[Stored data]
[Start of section]

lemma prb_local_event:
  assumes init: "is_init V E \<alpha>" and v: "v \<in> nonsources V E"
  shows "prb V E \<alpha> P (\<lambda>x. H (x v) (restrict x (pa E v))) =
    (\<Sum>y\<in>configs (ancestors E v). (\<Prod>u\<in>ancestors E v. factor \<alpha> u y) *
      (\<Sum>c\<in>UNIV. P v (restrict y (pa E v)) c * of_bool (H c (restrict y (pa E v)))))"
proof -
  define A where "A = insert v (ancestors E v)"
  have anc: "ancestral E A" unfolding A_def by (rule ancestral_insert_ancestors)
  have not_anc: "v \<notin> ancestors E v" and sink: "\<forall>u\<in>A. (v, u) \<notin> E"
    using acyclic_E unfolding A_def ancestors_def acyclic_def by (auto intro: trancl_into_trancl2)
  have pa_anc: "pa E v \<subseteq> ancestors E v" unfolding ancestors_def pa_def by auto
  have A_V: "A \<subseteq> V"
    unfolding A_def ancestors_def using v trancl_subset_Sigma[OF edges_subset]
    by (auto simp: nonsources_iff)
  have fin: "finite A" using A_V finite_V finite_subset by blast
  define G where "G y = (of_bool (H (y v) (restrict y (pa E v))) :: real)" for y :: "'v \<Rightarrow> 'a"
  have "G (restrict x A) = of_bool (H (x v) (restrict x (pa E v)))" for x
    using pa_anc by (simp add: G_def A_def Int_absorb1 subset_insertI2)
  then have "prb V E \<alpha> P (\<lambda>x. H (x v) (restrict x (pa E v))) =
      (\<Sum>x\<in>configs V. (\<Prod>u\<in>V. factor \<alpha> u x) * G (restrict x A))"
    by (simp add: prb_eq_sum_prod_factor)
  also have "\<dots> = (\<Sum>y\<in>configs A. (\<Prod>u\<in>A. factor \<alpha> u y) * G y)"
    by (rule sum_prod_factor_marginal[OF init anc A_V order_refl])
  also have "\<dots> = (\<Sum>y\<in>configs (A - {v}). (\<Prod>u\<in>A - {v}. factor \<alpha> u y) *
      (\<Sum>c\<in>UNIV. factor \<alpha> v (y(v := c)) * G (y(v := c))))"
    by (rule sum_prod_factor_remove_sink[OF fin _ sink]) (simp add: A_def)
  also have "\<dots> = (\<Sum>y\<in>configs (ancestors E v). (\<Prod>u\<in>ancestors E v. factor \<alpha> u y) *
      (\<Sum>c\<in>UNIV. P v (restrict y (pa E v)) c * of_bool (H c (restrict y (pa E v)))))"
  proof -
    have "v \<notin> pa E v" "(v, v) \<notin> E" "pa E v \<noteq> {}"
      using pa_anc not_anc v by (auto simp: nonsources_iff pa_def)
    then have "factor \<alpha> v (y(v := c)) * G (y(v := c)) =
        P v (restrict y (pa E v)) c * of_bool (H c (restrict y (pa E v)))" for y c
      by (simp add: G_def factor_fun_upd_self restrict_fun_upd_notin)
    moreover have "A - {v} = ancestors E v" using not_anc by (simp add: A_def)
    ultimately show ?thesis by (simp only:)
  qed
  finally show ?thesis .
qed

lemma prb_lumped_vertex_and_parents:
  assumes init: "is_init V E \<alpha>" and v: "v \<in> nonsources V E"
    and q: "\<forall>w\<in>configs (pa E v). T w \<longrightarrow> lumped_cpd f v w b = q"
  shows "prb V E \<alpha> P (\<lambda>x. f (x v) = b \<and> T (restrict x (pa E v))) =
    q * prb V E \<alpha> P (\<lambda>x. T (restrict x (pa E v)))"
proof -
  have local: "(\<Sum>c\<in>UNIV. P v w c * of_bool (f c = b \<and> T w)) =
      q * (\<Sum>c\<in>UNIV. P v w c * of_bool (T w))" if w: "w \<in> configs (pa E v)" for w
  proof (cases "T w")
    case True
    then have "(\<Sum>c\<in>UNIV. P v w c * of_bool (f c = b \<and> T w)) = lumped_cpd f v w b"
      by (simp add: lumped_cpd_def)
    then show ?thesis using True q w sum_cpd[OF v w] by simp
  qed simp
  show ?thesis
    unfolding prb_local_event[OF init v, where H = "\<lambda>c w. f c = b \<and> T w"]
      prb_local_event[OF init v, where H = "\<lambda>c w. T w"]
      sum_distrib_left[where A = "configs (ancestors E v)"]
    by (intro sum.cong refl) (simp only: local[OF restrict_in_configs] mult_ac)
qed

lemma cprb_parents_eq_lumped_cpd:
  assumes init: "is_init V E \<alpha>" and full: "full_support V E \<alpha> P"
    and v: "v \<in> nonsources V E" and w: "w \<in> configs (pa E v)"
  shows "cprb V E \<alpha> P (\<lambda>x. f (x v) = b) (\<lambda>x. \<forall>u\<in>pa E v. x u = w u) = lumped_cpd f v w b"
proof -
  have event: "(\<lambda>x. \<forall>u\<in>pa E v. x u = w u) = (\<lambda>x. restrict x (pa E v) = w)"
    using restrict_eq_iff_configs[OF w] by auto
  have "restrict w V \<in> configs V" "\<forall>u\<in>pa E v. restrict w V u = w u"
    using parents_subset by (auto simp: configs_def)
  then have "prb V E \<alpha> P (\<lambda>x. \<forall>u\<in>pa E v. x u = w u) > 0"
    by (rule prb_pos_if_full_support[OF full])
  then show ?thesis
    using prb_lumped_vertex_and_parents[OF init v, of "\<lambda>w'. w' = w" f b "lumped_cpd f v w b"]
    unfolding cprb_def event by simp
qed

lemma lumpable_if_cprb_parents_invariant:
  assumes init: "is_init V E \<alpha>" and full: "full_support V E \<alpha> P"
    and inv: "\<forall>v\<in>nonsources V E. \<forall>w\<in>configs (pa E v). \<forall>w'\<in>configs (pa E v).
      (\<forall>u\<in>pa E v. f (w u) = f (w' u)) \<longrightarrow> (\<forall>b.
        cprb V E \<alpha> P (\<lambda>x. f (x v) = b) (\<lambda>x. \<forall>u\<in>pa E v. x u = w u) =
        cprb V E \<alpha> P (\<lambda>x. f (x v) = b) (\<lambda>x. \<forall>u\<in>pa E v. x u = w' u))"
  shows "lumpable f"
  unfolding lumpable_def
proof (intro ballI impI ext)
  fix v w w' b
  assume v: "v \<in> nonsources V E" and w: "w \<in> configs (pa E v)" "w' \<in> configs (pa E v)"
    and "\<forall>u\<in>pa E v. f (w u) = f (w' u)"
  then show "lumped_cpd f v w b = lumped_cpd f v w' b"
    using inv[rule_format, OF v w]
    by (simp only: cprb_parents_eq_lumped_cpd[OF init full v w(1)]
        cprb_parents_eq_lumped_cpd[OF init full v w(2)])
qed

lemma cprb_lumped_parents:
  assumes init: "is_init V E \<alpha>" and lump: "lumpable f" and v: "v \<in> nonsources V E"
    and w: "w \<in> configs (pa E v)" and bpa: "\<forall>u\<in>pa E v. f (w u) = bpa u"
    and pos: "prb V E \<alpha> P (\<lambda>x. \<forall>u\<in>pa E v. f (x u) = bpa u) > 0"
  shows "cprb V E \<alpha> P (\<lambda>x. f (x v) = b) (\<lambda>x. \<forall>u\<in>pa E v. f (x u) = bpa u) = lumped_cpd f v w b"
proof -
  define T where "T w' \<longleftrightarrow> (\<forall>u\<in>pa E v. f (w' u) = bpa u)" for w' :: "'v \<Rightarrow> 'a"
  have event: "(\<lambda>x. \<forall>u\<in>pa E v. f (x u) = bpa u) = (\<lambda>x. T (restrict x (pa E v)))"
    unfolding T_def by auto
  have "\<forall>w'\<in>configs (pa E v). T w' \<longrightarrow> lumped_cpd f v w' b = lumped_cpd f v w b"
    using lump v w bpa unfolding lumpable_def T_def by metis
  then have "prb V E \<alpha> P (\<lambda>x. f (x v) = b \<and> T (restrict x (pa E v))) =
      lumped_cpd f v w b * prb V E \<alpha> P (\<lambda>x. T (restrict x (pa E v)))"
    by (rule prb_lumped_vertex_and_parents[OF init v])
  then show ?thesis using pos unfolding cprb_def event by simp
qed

[End of section]

• **Requirement**: What you should output is every line of the records above, from the first through the line containing "(\<Sum>x\<in>configs V. (\<Prod>u\<in>V.", unchanged.

• **Result below**:
lemma prb_local_event:
  assumes init: "is_init V E \<alpha>" and v: "v \<in> nonsources V E"
  shows "prb V E \<alpha> P (\<lambda>x. H (x v) (restrict x (pa E v))) =
    (\<Sum>y\<in>configs (ancestors E v). (\<Prod>u\<in>ancestors E v. factor \<alpha> u y) *
      (\<Sum>c\<in>UNIV. P v (restrict y (pa E v)) c * of_bool (H c (restrict y (pa E v)))))"
proof -
  define A where "A = insert v (ancestors E v)"
  have anc: "ancestral E A" unfolding A_def by (rule ancestral_insert_ancestors)
  have not_anc: "v \<notin> ancestors E v" and sink: "\<forall>u\<in>A. (v, u) \<notin> E"
    using acyclic_E unfolding A_def ancestors_def acyclic_def by (auto intro: trancl_into_trancl2)
  have pa_anc: "pa E v \<subseteq> ancestors E v" unfolding ancestors_def pa_def by auto
  have A_V: "A \<subseteq> V"
    unfolding A_def ancestors_def using v trancl_subset_Sigma[OF edges_subset]
    by (auto simp: nonsources_iff)
  have fin: "finite A" using A_V finite_V finite_subset by blast
  define G where "G y = (of_bool (H (y v) (restrict y (pa E v))) :: real)" for y :: "'v \<Rightarrow> 'a"
  have "G (restrict x A) = of_bool (H (x v) (restrict x (pa E v)))" for x
    using pa_anc by (simp add: G_def A_def Int_absorb1 subset_insertI2)
  then have "prb V E \<alpha> P (\<lambda>x. H (x v) (restrict x (pa E v))) =
      (\<Sum>x\<in>configs V. (\<Prod>u\<in>V. factor \<alpha> u x) * G (restrict x A))"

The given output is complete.